Saturday, January 15, 2011

The Quack Doctor & The Poor Man's Friend...

One of the joys of my regular walks around my home in Kent is the unexpected find. Something different, obtuse, something that you couldn't have envisaged finding!


Today I decided that the water logged fields behind my home would have to do without this walker for one day and so I collected together all the paraphernalia that accompanies me on these jaunts, put the dog into the back of the car and headed for the village of Benenden a short ride away.

As is most times the case I was preoccupied with looking around for signs of invertebrate life when the woodland path I was following took me close to a little stream. Thinking that it'd make a real change to scout around this kind of habitat I diverted from the path ( a la Little Red Riding Hood) and for a while hugged the edge of the stream (not literally you understand) all the time looking downwards for signs of life, either in the water or the undergrowth.


Something caught my eye protruding from the nearside bank just above water level. It was only tiny and on this occasion had nothing at all to do with bugs or insects. I could see it was a vessel of some kind and had printing on the facing side. I got down into the water's edge to investigate and could see it was a very small pot of some description. In the best 'Time Team' manner I carefully extracted it from the muddy bank and was amazed to find it was complete and looked at first sight like a Victorian potion jar.



Having scouted around for any more finds (I did manage a couple more) I wrapped the jar, put it in my camera bag and continued with my planned walk.
On reaching home a couple of hours later I cleaned my bottles and then set about doing some research on them. The little potion jar as expected was my star find and research into this one was relatively easy, there's been quite a lot written on the subject.
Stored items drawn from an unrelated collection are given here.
lemma dP_phiw_lower_bound:
  assumes det: "\<forall>A\<in>\<A>. det A = 1" and K: "\<forall>A\<in>\<A>. matrix_norm A \<le> K" "1 \<le> K"
    and c: "0 < c" "c \<le> 1"
    and dioph: "\<And>n i j. i \<in> words \<A> n \<Longrightarrow> j \<in> words \<A> n \<Longrightarrow> i \<noteq> j \<Longrightarrow>
                  c ^ n < matrix_norm (matw i - matw j)"
    and ij: "i \<in> words \<A> n" "j \<in> words \<A> n" "i \<noteq> j"
  shows "\<exists>x\<in>{0, pi/4, pi/2}. (c ^ 4 / K ^ 8) ^ n / 1280 \<le> dP (phiw i x) (phiw j x)"
proof -
  have words: "length i = n" "length j = n" "set i \<subseteq> \<A>" "set j \<subseteq> \<A>"
    using ij by (auto simp: words_def)
  define L where "L = K ^ n"
  define C where "C = c ^ n"
  have "1 \<le> L" "0 < C" "C \<le> 1"
    using K c by (simp_all add: L_def C_def one_le_power power_le_one)
  have "\<forall>A\<in>set i. matrix_norm A \<le> K" "\<forall>A\<in>set j. matrix_norm A \<le> K"
    using K(1) words by auto
  then have norms: "matrix_norm (matw i) \<le> L" "matrix_norm (matw j) \<le> L"
    using matrix_norm_matw_le[of i K] matrix_norm_matw_le[of j K] K(2) words by (simp_all add: L_def)
  define \<eta> where "\<eta> = C ^ 2 / (2 * L)"
  have "0 < \<eta>" "\<eta> \<le> C / 2"
    using \<open>1 \<le> L\<close> \<open>0 < C\<close> \<open>C \<le> 1\<close> by (auto simp: \<eta>_def field_simps power2_eq_square mult_mono)
  have far_diff: "\<eta> < matrix_norm (matw i - matw j)"
    using dioph[OF ij] \<open>\<eta> \<le> C / 2\<close> \<open>0 < C\<close> by (simp add: C_def)
  \<comment> \<open>The words i @ j and j @ i differ, so the commutator of the two products is not small.\<close>
  have far_sum: "\<eta> < matrix_norm (matw i + matw j)"
  proof -
    have "i @ j \<in> words \<A> (2 * n)" "j @ i \<in> words \<A> (2 * n)" "i @ j \<noteq> j @ i"
      using words ij(3) by (auto simp: words_def append_eq_append_conv)
    then have "C ^ 2 < matrix_norm (matw i ** matw j - matw j ** matw i)"
      using dioph[of "i @ j" "2 * n" "j @ i"] by (simp add: C_def matw_append power_mult[symmetric] mult.commute)
    also have "\<dots> \<le> 2 * L * matrix_norm (matw i + matw j)"
      using matrix_norm_commutator_le[of "matw i" "matw j"] norms(1) matrix_norm_nonneg
      by (meson mult_left_mono mult_right_mono order_trans zero_le_numeral)
    finally show ?thesis
      using \<open>1 \<le> L\<close> by (simp add: \<eta>_def pos_divide_less_eq mult.commute)
  qed
  have "\<eta> \<le> 1"
    using \<open>\<eta> \<le> C / 2\<close> \<open>C \<le> 1\<close> by simp
  then obtain x where x: "x \<in> {0, pi/4, pi/2}" and "\<eta> ^ 2 / (320 * L ^ 6) \<le> dP (phiw i x) (phiw j x)"
    using sl2_words_separate_test_line[OF _ _ norms \<open>1 \<le> L\<close> \<open>0 < \<eta>\<close> _ far_diff far_sum] det words
    by blast
  moreover have "\<eta> ^ 2 / (320 * L ^ 6) = (c ^ 4 / K ^ 8) ^ n / 1280"
  proof -
    have "\<eta> ^ 2 / (320 * L ^ 6) = C ^ 4 / L ^ 8 / 1280"
      using \<open>1 \<le> L\<close> unfolding \<eta>_def
      by (simp add: power_divide power_mult_distrib field_simps flip: power_add power_mult)
    then show ?thesis
      by (simp add: C_def L_def power_divide mult.commute flip: power_mult)
  qed
  ultimately have "(c ^ 4 / K ^ 8) ^ n / 1280 \<le> dP (phiw i x) (phiw j x)"
    by metis
  then show ?thesis
    using x by blast
qed
lemma quasi_inverse_iterated_square_gap:
  fixes k :: "'a::cstar_algebra"
  assumes sa: "cstar k = k" and "k \<noteq> 0" and r: "0 \<le> r" "r * norm k < 1"
  obtains n where "\<And>g g'. quasi_inverse (iterated_square n (cscale (complex_of_real (1 / norm k)) k)) g \<Longrightarrow>
      quasi_inverse (iterated_square n (cscale (complex_of_real r) k)) g' \<Longrightarrow> 1/4 \<le> norm (g - g')"
proof -
  have norm_iter: "norm (iterated_square n (cscale (complex_of_real t) k)) = (\<bar>t\<bar> * norm k) ^ (2 ^ n)"
    for n t
    by (simp add: iterated_square_cscale norm_cscale norm_power iterated_square_selfadjoint[OF sa]
        power_mult_distrib)
  obtain n where "(r * norm k) ^ n < 1/9" using real_arch_pow_inv[OF _ r(2), of "1/9"] by auto
  moreover have "(r * norm k) ^ (2 ^ n) \<le> (r * norm k) ^ n"
    using r less_exp[of n] by (intro power_decreasing) auto
  ultimately have small: "(r * norm k) ^ (2 ^ n) \<le> 1/9" by simp
  show thesis
  proof (rule that[of n])
    fix g g'
    assume g: "quasi_inverse (iterated_square n (cscale (complex_of_real (1 / norm k)) k)) g"
      and g': "quasi_inverse (iterated_square n (cscale (complex_of_real r) k)) g'"
    have "(1 - 1/9) * norm g' \<le> 1/9"
      using quasi_inverse_norm_le[OF g'] norm_iter[of n r] small r(1)
      by (smt (verit, best) mult_right_mono norm_ge_zero)
    then have "norm g' \<le> 1/8" by simp
    moreover have "1 \<le> 2 * norm g"
      using quasi_inverse_norm_ge[OF g] norm_iter[of n "1 / norm k"] \<open>k \<noteq> 0\<close> by simp
    moreover have "norm g \<le> norm g' + norm (g - g')" by (metis norm_triangle_sub add.commute)
    ultimately show "1/4 \<le> norm (g - g')" by linarith
  qed
qed

lemma selfadjoint_quasi_invertible_disc_norm_le:
  fixes k :: "'a::cstar_algebra"
  assumes sa: "cstar k = k" and inv: "\<And>\<mu>. cmod \<mu> \<le> R \<Longrightarrow> \<exists>g. quasi_inverse (cscale \<mu> k) g"
  shows "R * norm k \<le> 1"
proof (rule ccontr)
  \<comment> \<open>Along the real axis, the quasi-inverse of \<open>t k\<close> is small for \<open>t < 1 / norm k\<close>
    but large at \<open>t = 1 / norm k\<close>, uniformly in the iterated squares; this contradicts
    uniform continuity of quasi-inversion on the disc.\<close>
  assume "\<not> R * norm k \<le> 1"
  then have Rk: "R * norm k > 1" by simp
  then have "k \<noteq> 0" by auto
  define G where "G \<mu> = (SOME g. quasi_inverse (cscale \<mu> k) g)" for \<mu>
  have G: "quasi_inverse (cscale \<mu> k) (G \<mu>)" if "\<mu> \<in> cball 0 R" for \<mu>
    unfolding G_def using inv that by (auto intro: someI_ex)
  have "continuous_on (cball 0 R) G"
    by (rule continuous_on_quasi_inverse[OF linear_continuous_on[OF bounded_linear_cscale_left] G])
  then have "uniformly_continuous_on (cball 0 R) G"
    by (rule compact_uniformly_continuous) simp
  then obtain \<delta> where \<delta>: "\<delta> > 0" and uc: "\<And>\<mu> \<mu>'. \<mu> \<in> cball 0 R \<Longrightarrow> \<mu>' \<in> cball 0 R \<Longrightarrow>
      dist \<mu>' \<mu> < \<delta> \<Longrightarrow> dist (G \<mu>') (G \<mu>) < 1/4"
    unfolding uniformly_continuous_on_def by (metis zero_less_divide_1_iff zero_less_numeral)
  have close: "\<exists>g g'. quasi_inverse (cscale \<mu> k) g \<and> quasi_inverse (cscale \<mu>' k) g' \<and> norm (g - g') < 1/4"
    if "cmod \<mu> \<le> R" "cmod \<mu>' \<le> R" "cmod (\<mu> - \<mu>') < \<delta>" for \<mu> \<mu>'
    using that G uc[of \<mu>' \<mu>] by (fastforce simp: dist_norm)
  define r0 where "r0 = 1 / norm k"
  define r where "r = max 0 (r0 - \<delta> / 2)"
  have r0: "0 < r0" "r0 \<le> R" using Rk \<open>k \<noteq> 0\<close> by (simp_all add: r0_def field_simps)
  have r: "0 \<le> r" "r < r0" "r0 - r < \<delta>" using r0 \<delta> by (auto simp: r_def)
  then have "r * norm k < 1" using \<open>k \<noteq> 0\<close> by (simp add: r0_def field_simps)
  then obtain n where gap: "\<And>g g'. quasi_inverse (iterated_square n (cscale (complex_of_real r0) k)) g \<Longrightarrow>
      quasi_inverse (iterated_square n (cscale (complex_of_real r) k)) g' \<Longrightarrow> 1/4 \<le> norm (g - g')"
    using quasi_inverse_iterated_square_gap[OF sa \<open>k \<noteq> 0\<close> r(1)] unfolding r0_def by blast
  have "cmod (complex_of_real r0) \<le> R" "cmod (complex_of_real r) \<le> R"
    "cmod (complex_of_real r0 - complex_of_real r) < \<delta>"
    using r0 r by (simp_all flip: of_real_diff)
  then obtain g g' where "quasi_inverse (iterated_square n (cscale (complex_of_real r0) k)) g"
    "quasi_inverse (iterated_square n (cscale (complex_of_real r) k)) g'" "norm (g - g') < 1/4"
    using quasi_inverse_iterated_square_close[where R = R and \<delta> = \<delta> and \<epsilon> = "1/4", OF close]
    by blast
  with gap show False by fastforce
qed

lemma quasi_inverse_in_closed_subalgebra:
  fixes a :: "'a::cstar_algebra"
  assumes B: "star_subalgebra B" "closed B" and a: "a \<in> B" "norm a < 1"
  shows "\<exists>g\<in>B. quasi_inverse a g"
proof -
  \<comment> \<open>The Neumann series \<open>g = - (a + a\<^sup>2 + \<dots>)\<close>, obtained as the fixed point of a contraction.\<close>
  have "complete B" using B(2) by (simp add: complete_eq_closed)
  moreover have "B \<noteq> {}" using star_subalgebra_zero[OF B(1)] by auto
  ultimately have unique_fixpoint: "\<exists>!g\<in>B. f g = g"
    if "f ` B \<subseteq> B" and "\<And>x y. dist (f x) (f y) \<le> norm a * dist x y" for f
    using Banach_fix[of B "norm a" f] a(2) that by auto
  have "\<exists>!g\<in>B. a * g - a = g"
  proof (rule unique_fixpoint)
    show "(\<lambda>g. a * g - a) ` B \<subseteq> B"
      using B a by (auto intro: star_subalgebra_mult subspace_diff subspace_star_subalgebra)
    show "dist (a * x - a) (a * y - a) \<le> norm a * dist x y" for x y
      using norm_mult_ineq[of a "x - y"] by (simp add: dist_norm algebra_simps)
  qed
  then obtain g where g: "g \<in> B" "a * g = a + g" by (metis diff_eq_eq add.commute)
  have "\<exists>!h\<in>B. h * a - a = h"
  proof (rule unique_fixpoint)
    show "(\<lambda>h. h * a - a) ` B \<subseteq> B"
      using B a by (auto intro: star_subalgebra_mult subspace_diff subspace_star_subalgebra)
    show "dist (x * a - a) (y * a - a) \<le> norm a * dist x y" for x y
      using norm_mult_ineq[of "x - y" a] by (simp add: dist_norm algebra_simps mult.commute)
  qed
  then obtain h where h: "h * a = a + h" by (metis diff_eq_eq add.commute)
  with g(2) have "g = h" by (rule quasi_inverse_left_right_eq)
  with g h show ?thesis unfolding quasi_inverse_def by (metis add.commute)
qed

section \<open>Contractivity of *-homomorphisms\<close>

definition star_hom_on :: "'a::cstar_algebra set \<Rightarrow> ('a \<Rightarrow> 'a) \<Rightarrow> bool" where
  "star_hom_on B \<phi> \<longleftrightarrow> (\<forall>x\<in>B. \<forall>y\<in>B. \<phi> (x + y) = \<phi> x + \<phi> y \<and> \<phi> (x * y) = \<phi> x * \<phi> y)
     \<and> (\<forall>c. \<forall>x\<in>B. \<phi> (cscale c x) = cscale c (\<phi> x))
     \<and> (\<forall>x\<in>B. \<phi> (cstar x) = cstar (\<phi> x))"

lemma star_hom_on_zero:
  assumes "star_hom_on B \<phi>" "star_subalgebra B"
  shows "\<phi> 0 = 0"
  using assms star_subalgebra_zero[of B] unfolding star_hom_on_def by (metis cscale_zero_left)

lemma star_hom_on_quasi_inverse:
  assumes "star_hom_on B \<phi>" "a \<in> B" "g \<in> B" "quasi_inverse a g"
  shows "quasi_inverse (\<phi> a) (\<phi> g)"
  using assms unfolding star_hom_on_def quasi_inverse_def by metis

lemma star_hom_on_norm_le:
  fixes B :: "'a::cstar_algebra set"
  assumes B: "star_subalgebra B" "closed B" and \<phi>: "star_hom_on B \<phi>" and x: "x \<in> B"
  shows "norm (\<phi> x) \<le> norm x"
proof -
  \<comment> \<open>For self-adjoint elements the norm is the spectral radius, which a homomorphism can only shrink.\<close>
  define h where "h = cstar x * x"
  define k where "k = cstar (\<phi> x) * \<phi> x"
  have hB: "h \<in> B" using B x by (simp add: h_def star_subalgebra_mult star_subalgebra_cstar)
  have k: "k = \<phi> h"
    using \<phi> x B unfolding star_hom_on_def by (simp add: k_def h_def star_subalgebra_cstar)
  have "norm k \<le> norm h"
  proof (rule ccontr)
    assume "\<not> norm k \<le> norm h"
    then have "norm h < norm k" by simp
    define R where "R = 2 / (norm h + norm k)"
    have "norm h + norm k > 0" using \<open>norm h < norm k\<close> norm_ge_zero[of h] by linarith
    then have R: "R * norm h < 1" "R * norm k > 1"
      using \<open>norm h < norm k\<close> by (simp_all add: R_def field_simps)
    have "R * norm k \<le> 1"
    proof (rule selfadjoint_quasi_invertible_disc_norm_le)
      show "cstar k = k" by (simp add: k_def cstar_mult cstar_cstar)
      fix \<mu> :: complex assume "cmod \<mu> \<le> R"
      then have "norm (cscale \<mu> h) < 1"
        using R(1) mult_right_mono[of "cmod \<mu>" R "norm h"] by (simp add: norm_cscale)
      moreover have "cscale \<mu> h \<in> B" using B hB by (simp add: star_subalgebra_cscale)
      ultimately obtain g where "g \<in> B" "quasi_inverse (cscale \<mu> h) g"
        using quasi_inverse_in_closed_subalgebra[OF B] by blast
      then have "quasi_inverse (\<phi> (cscale \<mu> h)) (\<phi> g)"
        using star_hom_on_quasi_inverse[OF \<phi>] B hB by (simp add: star_subalgebra_cscale)
      then show "\<exists>g. quasi_inverse (cscale \<mu> k) g"
        using \<phi> hB unfolding k star_hom_on_def by auto
    qed
    with R(2) show False by simp
  qed
  then have "norm (\<phi> x) ^ 2 \<le> norm x ^ 2"
    by (simp add: k_def h_def cstar_identity)
  then show ?thesis by (rule power2_le_imp_le) simp
qed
Reproduced below is a trade advert for the cure-all published in the Exeter Flying Post, 20 July 1826


It seems that this product was first sold to the general public in around 1820 I've seen three examples of this little jar, each one varying a little from the other and it seems that my one is one of the earliest examples making it close to 200 years old.

The Poor Man’s Friend remained available until the mid-20th century, but made the news in 2003 when Bridport Museum bought the secret recipe for £480. Its composition, in the words of the Daily Mail, was ‘nothing more than 95% lard and beeswax’. Nothing, that is, except the other 5% - a fragrant but dangerous concoction of mercurous chloride, sugar of lead, mercuric oxide, zinc oxide, bismuth oxide, red pigments and oils of rose, bergamot and lavender.

Giles Laurence Roberts, proprietor of the Poor Man’s Friend, didn’t have a great start in life. Born in April 1766 in Bridport, Dorset, he contracted smallpox when he was nine months old. Although he recovered, he then got rickets and was unable to walk until the age of five.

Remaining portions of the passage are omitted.